Center for Pan Asian Community Services
- Founded: 1980
- Type: Nonprofit organization
- Focus: Human services, healthcare services, education, research, advocacy
- Headquarters: Chamblee, Georgia, United States of America
- Coordinates: 33°53′29″N 84°17′13″W﻿ / ﻿33.89139°N 84.28694°W
- Region served: Metropolitan Atlanta
- Interim CEO: Alexis Nkusi
- Website: www.cpacs.org

= Center for Pan Asian Community Services, Inc. =

Human services organization in Georgia, US

The Center for Pan Asian Community Services, Inc. (CPACS) is 501(c)(3), private company, nonprofit human services organization in metropolitan Atlanta, headquartered in northern DeKalb County, Georgia, United States of America. The organization was founded in 1980 and provides broad services for American citizens and non-citizens of all race, ethnicity, and national origin.

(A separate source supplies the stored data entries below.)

definition contr_V :: "'v set \<Rightarrow> ('e \<Rightarrow> 'v set) \<Rightarrow> 'e \<Rightarrow> 'v set set" where
  "contr_V V I e' = contr_map I e' ` V"

definition contr_E :: "'e set \<Rightarrow> ('e \<Rightarrow> 'v set) \<Rightarrow> 'e \<Rightarrow> 'e set" where
  "contr_E E I e' = {g \<in> E. \<not> I g \<subseteq> I e'}"

definition contr_I :: "('e \<Rightarrow> 'v set) \<Rightarrow> 'e \<Rightarrow> 'e \<Rightarrow> 'v set set" where
  "contr_I I e' g = contr_map I e' ` I g"

end

theory Submission
  imports Defs
begin

text \<open>Only the comparison of the two strengths matters, not the threshold k.
Deleting a weaker edge e' can only hurt subhypergraphs containing e', and those have
connectivity at most the strength of e' < the strength of e. Contraction never lowers
connectivity; conversely, a subhypergraph of H/e' lifts to its preimage U in H, and
if U meets e' we glue to U a set W containing e' whose connectivity exceeds the
strength of e: a cut of U \<union> W either splits W or restricts to a cut of U
not splitting e', which comes from a cut of the contracted subhypergraph.\<close>

abbreviation induced_conn :: "'e set \<Rightarrow> ('e \<Rightarrow> 'v set) \<Rightarrow> 'v set \<Rightarrow> enat" where
  "induced_conn E I U \<equiv> edge_conn U (induced_edges E I U) I"

lemma edge_conn_le_cut:
  "A \<noteq> {} \<Longrightarrow> A \<subset> U \<Longrightarrow> edge_conn U F I \<le> enat (card (cut_edges U F I A))"
  unfolding edge_conn_def by (rule INF_lower) auto

lemma edge_conn_greatest:
  "(\<And>A. A \<noteq> {} \<Longrightarrow> A \<subset> U \<Longrightarrow> m \<le> enat (card (cut_edges U F I A))) \<Longrightarrow> m \<le> edge_conn U F I"
  unfolding edge_conn_def by (rule INF_greatest) auto

lemma induced_conn_le_strength:
  "I e \<subseteq> U \<Longrightarrow> U \<subseteq> V \<Longrightarrow> induced_conn E I U \<le> strength V E I e"
  unfolding strength_def by (rule SUP_upper) auto

lemma strength_least:
  "(\<And>U. I e \<subseteq> U \<Longrightarrow> U \<subseteq> V \<Longrightarrow> induced_conn E I U \<le> m) \<Longrightarrow> strength V E I e \<le> m"
  unfolding strength_def by (rule SUP_least) auto

lemma less_strength_witness:
  assumes "x < strength V E I e"
  obtains U where "I e \<subseteq> U" "U \<subseteq> V" "x < induced_conn E I U"
  using assms unfolding strength_def less_SUP_iff by blast

lemma card_cut_edges_mono:
  assumes "finite F'" "cut_edges U F I A \<subseteq> cut_edges U' F' I' A'"
  shows "enat (card (cut_edges U F I A)) \<le> enat (card (cut_edges U' F' I' A'))"
proof -
  have "finite (cut_edges U' F' I' A')"
    using assms(1) by (rule finite_subset[rotated]) (auto simp: cut_edges_def)
  then show ?thesis using assms(2) by (simp add: card_mono)
qed

lemma edge_conn_mono_edges:
  assumes "finite F" "F' \<subseteq> F"
  shows "edge_conn U F' I \<le> edge_conn U F I"
proof (rule edge_conn_greatest)
  fix A assume A: "A \<noteq> {}" "A \<subset> U"
  have "edge_conn U F' I \<le> enat (card (cut_edges U F' I A))" by (rule edge_conn_le_cut[OF A])
  also have "\<dots> \<le> enat (card (cut_edges U F I A))"
    using assms by (intro card_cut_edges_mono) (auto simp: cut_edges_def)
  finally show "edge_conn U F' I \<le> enat (card (cut_edges U F I A))" .
qed

lemma strength_antimono_edge:
  assumes "I e \<subseteq> I e'"
  shows "strength V E I e' \<le> strength V E I e"
  by (rule strength_least, rule induced_conn_le_strength) (use assms in auto)

lemma strength_delete_weaker_edge:
  assumes "finite E" and weaker: "strength V E I e' < strength V E I e"
  shows "strength V (E - {e'}) I e = strength V E I e"
proof (rule antisym)
  show "strength V (E - {e'}) I e \<le> strength V E I e"
  proof (rule strength_least)
    fix U assume U: "I e \<subseteq> U" "U \<subseteq> V"
    have "induced_conn (E - {e'}) I U \<le> induced_conn E I U"
      using assms(1) by (intro edge_conn_mono_edges) (auto simp: induced_edges_def)
    also have "\<dots> \<le> strength V E I e" by (rule induced_conn_le_strength[where I=I and e=e, OF U])
    finally show "induced_conn (E - {e'}) I U \<le> strength V E I e" .
  qed
  let ?s = "strength V (E - {e'}) I e"
  have "strength V E I e \<le> max ?s (strength V E I e')"
  proof (rule strength_least)
    fix U assume U: "I e \<subseteq> U" "U \<subseteq> V"
    show "induced_conn E I U \<le> max ?s (strength V E I e')"
    proof (cases "I e' \<subseteq> U")
      case True
      then have "induced_conn E I U \<le> strength V E I e'"
        using U by (intro induced_conn_le_strength)
      then show ?thesis by (simp add: le_max_iff_disj)
    next
      case False
      then have "induced_edges E I U = induced_edges (E - {e'}) I U"
        by (auto simp: induced_edges_def)
      then have "induced_conn E I U \<le> ?s"
        using induced_conn_le_strength[where I=I and e=e and E="E - {e'}", OF U] by simp
      then show ?thesis by (simp add: le_max_iff_disj)
    qed
  qed
  with weaker show "strength V E I e \<le> ?s"
    by (metis le_max_iff_disj not_le)
qed

lemma induced_conn_le_induced_conn_contr:
  assumes "finite E"
  shows "induced_conn E I U \<le> induced_conn (contr_E E I e') (contr_I I e') (contr_map I e' ` U)"
    (is "_ \<le> induced_conn ?E' ?I' ?U'")
proof (rule edge_conn_greatest)
  let ?c = "contr_map I e'"
  fix A' assume A': "A' \<noteq> {}" "A' \<subset> ?U'"
  define A where "A = {u \<in> U. ?c u \<in> A'}"
  have A: "A \<noteq> {}" "A \<subset> U" using A' unfolding A_def by auto
  have "cut_edges U (induced_edges E I U) I A \<subseteq> cut_edges ?U' (induced_edges ?E' ?I' ?U') ?I' A'"
  proof
    fix g assume g: "g \<in> cut_edges U (induced_edges E I U) I A"
    then have gE: "g \<in> E" and gU: "I g \<subseteq> U"
      by (auto simp: cut_edges_def induced_edges_def)
    from g obtain a b where ab: "a \<in> I g" "a \<in> A" "b \<in> I g" "b \<in> U" "b \<notin> A"
      by (auto simp: cut_edges_def)
    have "\<not> I g \<subseteq> I e'"
    proof
      assume "I g \<subseteq> I e'"
      then have "?c a = ?c b" using ab by (auto simp: contr_map_def)
      then show False using ab unfolding A_def by auto
    qed
    moreover have "?c a \<in> A'" "?c b \<in> ?U' - A'" using ab unfolding A_def by auto
    ultimately show "g \<in> cut_edges ?U' (induced_edges ?E' ?I' ?U') ?I' A'"
      using gE gU ab unfolding cut_edges_def induced_edges_def contr_E_def contr_I_def by auto
  qed
  then have "enat (card (cut_edges U (induced_edges E I U) I A))
      \<le> enat (card (cut_edges ?U' (induced_edges ?E' ?I' ?U') ?I' A'))"
    by (rule card_cut_edges_mono[rotated]) (use assms in \<open>auto simp: induced_edges_def contr_E_def\<close>)
  with edge_conn_le_cut[OF A]
  show "induced_conn E I U \<le> enat (card (cut_edges ?U' (induced_edges ?E' ?I' ?U') ?I' A'))"
    by (rule order_trans)
qed

lemma strength_le_strength_contr:
  assumes "finite E"
  shows "strength V E I e \<le> strength (contr_V V I e') (contr_E E I e') (contr_I I e') e"
proof (rule strength_least)
  fix U assume U: "I e \<subseteq> U" "U \<subseteq> V"
  have "induced_conn E I U
      \<le> induced_conn (contr_E E I e') (contr_I I e') (contr_map I e' ` U)"
    using assms by (rule induced_conn_le_induced_conn_contr)
  also have "\<dots> \<le> strength (contr_V V I e') (contr_E E I e') (contr_I I e') e"
    by (rule induced_conn_le_strength) (use U in \<open>auto simp: contr_I_def contr_V_def\<close>)
  finally show "induced_conn E I U \<le> strength (contr_V V I e') (contr_E E I e') (contr_I I e') e" .
qed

The organization's primary services include community health, social services, housing, senior services, translation and interpretation, transportation services, education and enrichment programs for children, youth, and families, community education, legal and immigration assistance, counseling, advocacy, and research. CPACS's core objective is to help immigrants and refugees achieve the American Dream. The center operates the CPACS Cosmo Health Center, a Federally Qualified Health Center (FQHC) that serves populations with limited access to health care. Since 2005, the organization has held the Tea Walk, a two-mile empowerment walk along the Buford Highway Corridor to celebrate community diversity and promote civic engagement. CPACS is a member of the Association of Asian Pacific Community Health Organizations (AAPCHO), which is part of the National Council of Asian Pacific Americans. CPACS is one of the first and largest Asian American and Pacific Islander human services agencies in the Southeastern United States.

==History==
The Center for Pan Asian Community Services was founded in 1980 and began as a volunteer-run organization providing health and human services to Korean Americans in the metropolitan Atlanta counties of DeKalb, Fulton, and Gwinnett. The organization steadily grew with the Asian American population increase following the 1996 Summer Olympics in Atlanta and was able to expand its services. Into the 21st century, the Center for Pan Asian Community Services has approximately 100 staff and serves over 30,000 people of all ethnic and racial groups annually.